I believe in the works Ethereum is doing. At least they seem to be promising movements toward that vision and complications in their operations are not the point. They are revolutionary. (here, here, here, here, and here) My strongest argument for it is that betting on decentralized applications of financial services is more promising toward that future that Bruno Maçães is depicting. For example, as Buterin also mentions, DAI project with Augur, xDai, PoolTogether, and zk.money is more alive than Tether which is more of a danger for the industry than a benefit. (here, here, and here).
New alliance:
Another angle is the thriving NFT ecosystem which also proves the vision point.

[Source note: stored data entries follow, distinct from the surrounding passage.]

lemma has_real_derivative_weighted_kinetic:
  fixes g :: "real \<Rightarrow> grid" and w :: "nat \<Rightarrow> real" and rho :: grid
  assumes d: "\<And>i j. i \<in> I \<Longrightarrow> j \<in> J \<Longrightarrow> ((\<lambda>s. g s i j) has_real_derivative g' i j) (at t)"
  shows "((\<lambda>s. \<Sum>i\<in>I. \<Sum>j\<in>J. w j * g s i j * (rho i j * g s i j)) has_real_derivative
            2 * (\<Sum>i\<in>I. \<Sum>j\<in>J. w j * g t i j * (rho i j * g' i j))) (at t)"
  unfolding sum_distrib_left
proof (intro DERIV_sum)
  fix i j assume "i \<in> I" "j \<in> J"
  then have dij: "((\<lambda>s. g s i j) has_real_derivative g' i j) (at t)" by (rule d)
  show "((\<lambda>s. w j * g s i j * (rho i j * g s i j)) has_real_derivative
      2 * (w j * g t i j * (rho i j * g' i j))) (at t)"
    using DERIV_cmult[OF DERIV_mult[OF dij dij], of "w j * rho i j"] by (simp add: algebra_simps)
qed

lemma fine_energy_rate:
  assumes S: "sym_psd_bilinear S"
    and sbp: "\<forall>x y. ip_f n w x (G y) =
                 - S (restr (fine_pts n) x) (restr (fine_pts n) y) - ipG_f n (gamma_f x) (D y)"
    and d1: "\<forall>(i, j)\<in>fine_pts n. ((\<lambda>s. u s i j) has_real_derivative u' t i j) (at t)"
    and d2: "\<forall>(i, j)\<in>fine_pts n. ((\<lambda>s. u' s i j) has_real_derivative u'' i j) (at t)"
    and scheme: "\<forall>(i, j)\<in>fine_pts n. rho i j * u'' i j = G (u t) i j"
  shows "((\<lambda>s. ip_f n w (u' s) (\<lambda>i j. rho i j * u' s i j)
                + S (restr (fine_pts n) (u s)) (restr (fine_pts n) (u s)))
           has_real_derivative - 2 * ipG_f n (gamma_f (u' t)) (D (u t))) (at t)"
proof -
  have "((\<lambda>s. ip_f n w (u' s) (\<lambda>i j. rho i j * u' s i j)) has_real_derivative
      (hsz n)^2 * (2 * (\<Sum>i=1..2*n. \<Sum>j=1..2*n+1. w j * u' t i j * (rho i j * u'' i j)))) (at t)"
    unfolding ip_f_def
    by (intro DERIV_cmult has_real_derivative_weighted_kinetic) (use d2 in \<open>auto simp: fine_pts_def\<close>)
  moreover have "(\<Sum>i=1..2*n. \<Sum>j=1..2*n+1. w j * u' t i j * (rho i j * u'' i j))
      = (\<Sum>i=1..2*n. \<Sum>j=1..2*n+1. w j * u' t i j * G (u t) i j)"
    using scheme by (auto simp: fine_pts_def intro!: sum.cong)
  ultimately have kinetic: "((\<lambda>s. ip_f n w (u' s) (\<lambda>i j. rho i j * u' s i j)) has_real_derivative
      2 * ip_f n w (u' t) (G (u t))) (at t)"
    by (simp add: ip_f_def mult.left_commute)
  have finite: "finite (fine_pts n)" by (simp add: fine_pts_def)
  show ?thesis
    using DERIV_add[OF kinetic has_real_derivative_sym_psd_bilinear_diag[OF S finite d1]] sbp by simp
qed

(Numbers in million U.S. dollars)https://www.statista.com/statistics/1221400/nft-sales-revenue-by-segment/
I think not only NFT alone can be bigger than cryptocurrencies but other innovations will join this movement and by innovation, I don't mean shitcoins, I mean technologies, and ideas more similar to Ethereum and NFT.
A technology to save
I talked about the reliability of cryptocurrency in OtE #2 because I think crypto is more about legitimacy than anything else. The most important aspect of crypto is that it allows the capital to be controlled through legitimacy. So I don't think crypto and web 3.0 will replace governments; it has its own specific use case and it does things that were impossible before.
What I see is crypto ecosystem is in danger. I see systematic forces like "gravity of dependency" from one side and crypto ecosystem controversies from another side, putting enormous pressure on the crypto growth to a point that even techies are becoming more skeptical and asking why this revolution hasn't happened yet? They are neglecting the fact that cryptocurrencies, although that have technical innovation and scientific rigor, have brought hope to suppressed communities and countries.
Crypto growth is complicated, it's even scandalous and if new platforms like Ethereum 2.0 won't grow soon, or new branches of innovation like NFT don't happen, this growth will become too little too late.
This failure is not just a fade-out of one technology, it can put other advancements in danger. So I think all techies and Big Tech companies must pay attention to new innovations in this industry and help build useful dapps as much as possible instead of staying on the side and watching this vision die.